Versos de titanio

Los viejos recelos se han convertido en versos de titanio, implacables ante golpes oxidados. Es extraño como la superación personal puede resultar dulce y satisfactoria, después de haber consumido rabia y exasperación por doquier.

La fuerza del tiempo sobrepasa cualquier intento fallido de conciliación conmigo misma. Mil libros dándome consejos de cómo me debo comportar ante situaciones trágicas, y hasta el momento solo puedo afirmar con seguridad que expresar cada una de las emociones contra la pared vacía que eres, me ha servido para superar cada una de las frustraciones internas que enloquecían a este corazón dañado y hecho pedazos.

Siempre fui más de hablar que de callar; de superar todas y cada una de las dificultades mediante la palabra y la cruda ingenuidad de que sería correspondida. Hasta el día en que me di de bruces contra tu desdén.

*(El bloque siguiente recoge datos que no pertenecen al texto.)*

(* Let $n\ge 3$ and let $C\in\mathbb{R}^{n\times n}$ be nonnegative, doubly stochastic, irreducible, with zero diagonal entries. Let $x(s)$ evolve by the Modified DeGroot-Friedkin model $x(s+1)=C^\top x(s)+X(s)x(s)-C^\top X(s)x(s)$, $X(s)=\mathrm{diag}(x(s))$, with $x(0)\in\Delta\setminus\{e_1,\dots,e_n\}$. Let $x(s)_{\min}=\min_i x_i(s)$ and $x(s)_{\max}=\max_i x_i(s)$. Then for all $s\ge 0$ and all $i$, $x(s)_{\min}\le x_i(s+1)\le x(s)_{\max}$; in particular $x(s+1)_{\min}\ge x(s)_{\min}$ and $x(s+1)_{\max}\le x(s)_{\max}$.
   Context: $\Delta=\{x\in\mathbb{R}^n: x\ge 0,\ \sum_i x_i=1\}$; $e_i$ is the $i$th standard basis vector. *)

theory Defs
  imports "HOL-Analysis.Analysis"
begin

definition prob_simplex :: "(real ^ 'n::finite) set" where
  "prob_simplex = {x. (\<forall>i. x $ i \<ge> 0) \<and> (\<Sum>i\<in>UNIV. x $ i) = 1}"

definition std_basis :: "'n \<Rightarrow> real ^ 'n::finite" where
  "std_basis i = (\<chi> j. if j = i then 1 else 0)"

definition diag_mat :: "real ^ 'n \<Rightarrow> real ^ 'n ^ 'n" where
  "diag_mat x = (\<chi> i j. if i = j then x $ i else 0)"

definition nonneg_mat :: "real ^ 'n ^ 'n \<Rightarrow> bool" where
  "nonneg_mat C \<longleftrightarrow> (\<forall>i j. C $ i $ j \<ge> 0)"

definition doubly_stochastic :: "real ^ 'n ^ 'n::finite \<Rightarrow> bool" where
  "doubly_stochastic C \<longleftrightarrow> nonneg_mat C \<and>
     (\<forall>i. (\<Sum>j\<in>UNIV. C $ i $ j) = 1) \<and> (\<forall>j. (\<Sum>i\<in>UNIV. C $ i $ j) = 1)"

definition irreducible_mat :: "real ^ 'n ^ 'n \<Rightarrow> bool" where
  "irreducible_mat C \<longleftrightarrow> (\<forall>i j. (i, j) \<in> {(a, b). C $ a $ b \<noteq> 0}\<^sup>+)"

definition vmin :: "real ^ 'n::finite \<Rightarrow> real" where
  "vmin x = Min (range (\<lambda>i. x $ i))"

definition vmax :: "real ^ 'n::finite \<Rightarrow> real" where
  "vmax x = Max (range (\<lambda>i. x $ i))"

end

theory Submission
  imports Defs
begin

text \<open>Since the columns of \<open>C\<close> sum to one, coordinate \<open>i\<close> of the update is the convex
  combination \<open>\<Sum>\<^sub>j C\<^sub>j\<^sub>i (x\<^sub>j - x\<^sub>j\<^sup>2 + x\<^sub>i\<^sup>2)\<close>. On the simplex \<open>x\<^sub>i + x\<^sub>j \<le> 1\<close>, and then
  \<open>x\<^sub>j - x\<^sub>j\<^sup>2 + x\<^sub>i\<^sup>2 = x\<^sub>j + (x\<^sub>i - x\<^sub>j)(x\<^sub>i + x\<^sub>j)\<close> lies between \<open>x\<^sub>i\<close> and \<open>x\<^sub>j\<close>; so every new
  coordinate lies between the old minimum and maximum. Since the rows of \<open>C\<close> also sum to
  one, the update preserves the coordinate sum, so the trajectory stays in the simplex.\<close>

definition mdf_step :: "real ^ 'n ^ 'n \<Rightarrow> real ^ 'n \<Rightarrow> real ^ 'n::finite" where
  "mdf_step C y = transpose C *v y + diag_mat y *v y - transpose C *v (diag_mat y *v y)"

lemma diag_mat_mult_component: "(diag_mat x *v y) $ k = x $ k * y $ k"
  unfolding diag_mat_def matrix_vector_mult_def
  by (simp add: if_distrib[where f="\<lambda>a. a * _"] cong: if_cong)

lemma transpose_mult_component: "(transpose C *v z) $ k = (\<Sum>j\<in>UNIV. C $ j $ k * z $ j)"
  by (simp add: matrix_vector_mult_def transpose_def)

lemma sum_transpose_mult_vector:
  fixes C :: "real ^ 'n ^ 'n::finite"
  assumes "\<And>j. (\<Sum>i\<in>UNIV. C $ j $ i) = 1"
  shows "(\<Sum>i\<in>UNIV. (transpose C *v z) $ i) = (\<Sum>j\<in>UNIV. z $ j)"
proof -
  have "(\<Sum>i\<in>UNIV. (transpose C *v z) $ i) = (\<Sum>j\<in>UNIV. \<Sum>i\<in>UNIV. C $ j $ i * z $ j)"
    unfolding transpose_mult_component by (rule sum.swap)
  also have "\<dots> = (\<Sum>j\<in>UNIV. z $ j)"
    using assms by (simp add: sum_distrib_right[symmetric])
  finally show ?thesis .
qed

lemma mdf_step_component:
  fixes C :: "real ^ 'n ^ 'n::finite"
  assumes "(\<Sum>j\<in>UNIV. C $ j $ i) = 1"
  shows "mdf_step C y $ i = (\<Sum>j\<in>UNIV. C $ j $ i * (y $ j - y $ j * y $ j + y $ i * y $ i))"
proof -
  have "(\<Sum>j\<in>UNIV. C $ j $ i * (y $ j - y $ j * y $ j + y $ i * y $ i))
      = (\<Sum>j\<in>UNIV. C $ j $ i * y $ j) - (\<Sum>j\<in>UNIV. C $ j $ i * (y $ j * y $ j))
        + (\<Sum>j\<in>UNIV. C $ j $ i) * (y $ i * y $ i)"
    by (simp add: algebra_simps sum.distrib sum_subtractf sum_distrib_right sum_distrib_left)
  then show ?thesis
    using assms
    by (simp only: mdf_step_def vector_add_component vector_minus_component
        transpose_mult_component diag_mat_mult_component)
qed

lemma sub_sq_add_sq_between:
  fixes a b :: real
  assumes "0 \<le> a" "0 \<le> b" "a + b \<le> 1"
  shows "min a b \<le> b - b * b + a * a" and "b - b * b + a * a \<le> max a b"
proof -
  have eq: "b - b * b + a * a = b + (a - b) * (a + b)"
    by (simp add: algebra_simps)
  have "(a - b) * (a + b) \<le> a - b" if "b \<le> a"
    using mult_left_le[of "a + b" "a - b"] that assms by simp
  moreover have "(b - a) * (a + b) \<le> b - a" if "a \<le> b"
    using mult_left_le[of "a + b" "b - a"] that assms by simp
  moreover have "0 \<le> (a - b) * (a + b)" if "b \<le> a"
    using that assms by simp
  moreover have "(a - b) * (a + b) \<le> 0" if "a \<le> b"
    using that assms by (simp add: mult_nonpos_nonneg)
  ultimately show "min a b \<le> b - b * b + a * a" "b - b * b + a * a \<le> max a b"
    unfolding eq by (auto simp: min_def max_def algebra_simps)
qed

lemma convex_sum_between:
  fixes w t :: "'a \<Rightarrow> real"
  assumes w_nonneg: "\<And>j. j \<in> A \<Longrightarrow> 0 \<le> w j" and w_sum: "sum w A = 1"
    and t_between: "\<And>j. j \<in> A \<Longrightarrow> lo \<le> t j \<and> t j \<le> hi"
  shows "lo \<le> (\<Sum>j\<in>A. w j * t j) \<and> (\<Sum>j\<in>A. w j * t j) \<le> hi"
proof
  have "lo = (\<Sum>j\<in>A. w j * lo)"
    using w_sum by (simp add: sum_distrib_right[symmetric])
  also have "\<dots> \<le> (\<Sum>j\<in>A. w j * t j)"
    by (rule sum_mono) (simp add: mult_left_mono w_nonneg t_between)
  finally show "lo \<le> (\<Sum>j\<in>A. w j * t j)" .
  have "(\<Sum>j\<in>A. w j * t j) \<le> (\<Sum>j\<in>A. w j * hi)"
    by (rule sum_mono) (simp add: mult_left_mono w_nonneg t_between)
  also have "\<dots> = hi"
    using w_sum by (simp add: sum_distrib_right[symmetric])
  finally show "(\<Sum>j\<in>A. w j * t j) \<le> hi" .
qed

lemma vmin_le: "vmin y \<le> y $ i"
  unfolding vmin_def by (rule Min_le) auto

lemma vmax_ge: "y $ i \<le> vmax y"
  unfolding vmax_def by (rule Max_ge) auto

lemma vmin_greatest: "(\<And>i. c \<le> y $ i) \<Longrightarrow> c \<le> vmin y"
  unfolding vmin_def by (subst Min_ge_iff) auto

lemma vmax_least: "(\<And>i. y $ i \<le> c) \<Longrightarrow> vmax y \<le> c"
  unfolding vmax_def by (subst Max_le_iff) auto

lemma prob_simplex_pair_sum_le_1:
  assumes "y \<in> prob_simplex" "i \<noteq> j"
  shows "y $ i + y $ j \<le> 1"
proof -
  have "y $ i + y $ j = (\<Sum>k\<in>{i, j}. y $ k)"
    using assms(2) by simp
  also have "\<dots> \<le> (\<Sum>k\<in>UNIV. y $ k)"
    using assms(1) by (intro sum_mono2) (auto simp: prob_simplex_def)
  finally show ?thesis
    using assms(1) by (simp add: prob_simplex_def)
qed

lemma mdf_step_between_vmin_vmax:
  fixes C :: "real ^ 'n ^ 'n::finite"
  assumes "nonneg_mat C" and cols: "\<And>i. (\<Sum>j\<in>UNIV. C $ j $ i) = 1"
    and y: "y \<in> prob_simplex"
  shows "vmin y \<le> mdf_step C y $ i \<and> mdf_step C y $ i \<le> vmax y"
proof -
  have "vmin y \<le> y $ j - y $ j * y $ j + y $ i * y $ i \<and>
        y $ j - y $ j * y $ j + y $ i * y $ i \<le> vmax y" for j
  proof (cases "i = j")
    case True
    then show ?thesis using vmin_le[of y j] vmax_ge[of y j] by simp
  next
    case False
    have "0 \<le> y $ i" "0 \<le> y $ j"
      using y by (auto simp: prob_simplex_def)
    note between = sub_sq_add_sq_between[OF this prob_simplex_pair_sum_le_1[OF y False]]
    have "vmin y \<le> min (y $ i) (y $ j)" "max (y $ i) (y $ j) \<le> vmax y"
      by (simp_all add: vmin_le vmax_ge)
    with between show ?thesis by linarith
  qed
  moreover have "0 \<le> C $ j $ i" for j
    using assms(1) by (simp add: nonneg_mat_def)
  ultimately show ?thesis
    unfolding mdf_step_component[OF cols] by (intro convex_sum_between cols) auto
qed

lemma mdf_step_in_prob_simplex:
  fixes C :: "real ^ 'n ^ 'n::finite"
  assumes "doubly_stochastic C" "y \<in> prob_simplex"
  shows "mdf_step C y \<in> prob_simplex"
proof -
  have cols: "\<And>i. (\<Sum>j\<in>UNIV. C $ j $ i) = 1" and rows: "\<And>j. (\<Sum>i\<in>UNIV. C $ j $ i) = 1"
    using assms(1) by (auto simp: doubly_stochastic_def)
  have "0 \<le> vmin y"
    using assms(2) by (intro vmin_greatest) (simp add: prob_simplex_def)
  then have "0 \<le> mdf_step C y $ i" for i
    using mdf_step_between_vmin_vmax[OF _ cols assms(2)] assms(1)
    by (meson doubly_stochastic_def order_trans)
  moreover have "(\<Sum>i\<in>UNIV. mdf_step C y $ i) = 1"
    using assms(2)
    by (simp only: mdf_step_def vector_add_component vector_minus_component sum.distrib
        sum_subtractf sum_transpose_mult_vector[OF rows]) (simp add: prob_simplex_def)
  ultimately show ?thesis
    by (simp add: prob_simplex_def)
qed

text \<open>Only stochasticity of \<open>C\<close> and \<open>x(0) \<in> \<Delta>\<close> are needed: the bounds hold without
  \<open>n \<ge> 3\<close>, irreducibility, the zero diagonal, or excluding the vertices \<open>e\<^sub>i\<close>.\<close>

theorem lemma4:
  fixes C :: "real ^ 'n ^ 'n" and x :: "nat \<Rightarrow> real ^ 'n"
  assumes "CARD('n) \<ge> 3"
    and "nonneg_mat C" and "doubly_stochastic C" and "irreducible_mat C"
    and "\<forall>i. C $ i $ i = 0"
    and "\<forall>s. x (Suc s) = transpose C *v x s + diag_mat (x s) *v x s
                        - transpose C *v (diag_mat (x s) *v x s)"
    and "x 0 \<in> prob_simplex - range std_basis"
  shows "(\<forall>s i. vmin (x s) \<le> x (Suc s) $ i \<and> x (Suc s) $ i \<le> vmax (x s))
       \<and> (\<forall>s. vmin (x (Suc s)) \<ge> vmin (x s) \<and> vmax (x (Suc s)) \<le> vmax (x s))"
proof -
  have x_Suc: "x (Suc s) = mdf_step C (x s)" for s
    using assms(6) by (simp add: mdf_step_def)
  have cols: "\<And>i. (\<Sum>j\<in>UNIV. C $ j $ i) = 1"
    using assms(3) by (simp add: doubly_stochastic_def)
  have simplex: "x s \<in> prob_simplex" for s
    by (induction s) (use assms(3,7) in \<open>simp_all add: x_Suc mdf_step_in_prob_simplex\<close>)
  have between: "vmin (x s) \<le> x (Suc s) $ i \<and> x (Suc s) $ i \<le> vmax (x s)" for s i
    unfolding x_Suc using mdf_step_between_vmin_vmax[OF assms(2) cols simplex] .
  then show ?thesis
    by (auto intro: vmin_greatest vmax_least)
qed

end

Fue entonces cuando se me volvió en contra cualquier propósito de comprenderte; cuando por fin asumí que la indiferencia es la arma de los débiles, aunque por desgracia, también es la más utilizada, hasta el desgaste.

La realidad es que hay que ser valiente para enfrentar los hechos y las sensaciones que estos producen; la verdad es que se tiene que dejar de lado la cobardía y la aprensión que supone terminar un capítulo para empezar otro de nuevo.

Con franqueza, jamás me había considerado valiente. Jamás hasta el momento en que me di cuenta que enfrentarme a tu muro hasta el agotamiento, para luego darle la espalda y largarme con los ojos rojos y el orgullo herido, ha sido lo más trascendente que he hecho por mí en toda mi vida.

Desde entonces el rumbo que tomó mi vida estuvo hecho de tropiezos y heridas, mejillas húmedas y respiración entrecortada. Por entonces, ya te lo digo yo ahora, fue un infierno, un infierno que llevaba tu nombre y tu apellido.

Un tiempo después, la indiferencia ocupó cada fragmento de mi vida para sumirme en una monotonía insípida que me acompañaba a todas horas, era incapaz de sentir en exceso.

Más tarde, cuando adquirí la apacibilidad como un hábito, me enfrenté de nuevo con cada uno de esos recuerdos que, con el paso del tiempo, se habían colocado justo al otro lado de un vidrio graduado con objetividad.

Fue entonces cuando me avergoncé de esas acciones desmesuradas; pero también fue cuando me asaltó el desencanto ante tu cobardía disfrazada de indiferencia. Porque esa es la triste realidad, si un gramo de mi valentía se hubiera colado en tu pavor a enfrentar los sucesos que se dieron y que, para ser sinceros, vistos desde aquí no son tan excepcionales, otro viento hubiera soplado.

Quizás ahora seríamos capaces de mirarnos a los ojos sin una pizca de odio, de remordimiento, o de yo qué sé qué. Quizás ahora podríamos hablar con la naturalidad con la que hablábamos no hace tanto tiempo, porque te recuerdo que existió un antes del todo.

Quizás, si las cosas no hubieran sido como fueron, la situación habría adquirido otra tonalidad y el perdón hubiera sido posible. Quizás una reconciliación, una amistad, una cordialidad.

Quizás algo que no fuera esta nada que aún ahora, de vez en cuando, me produce cierta sensación de hormigueo por dentro.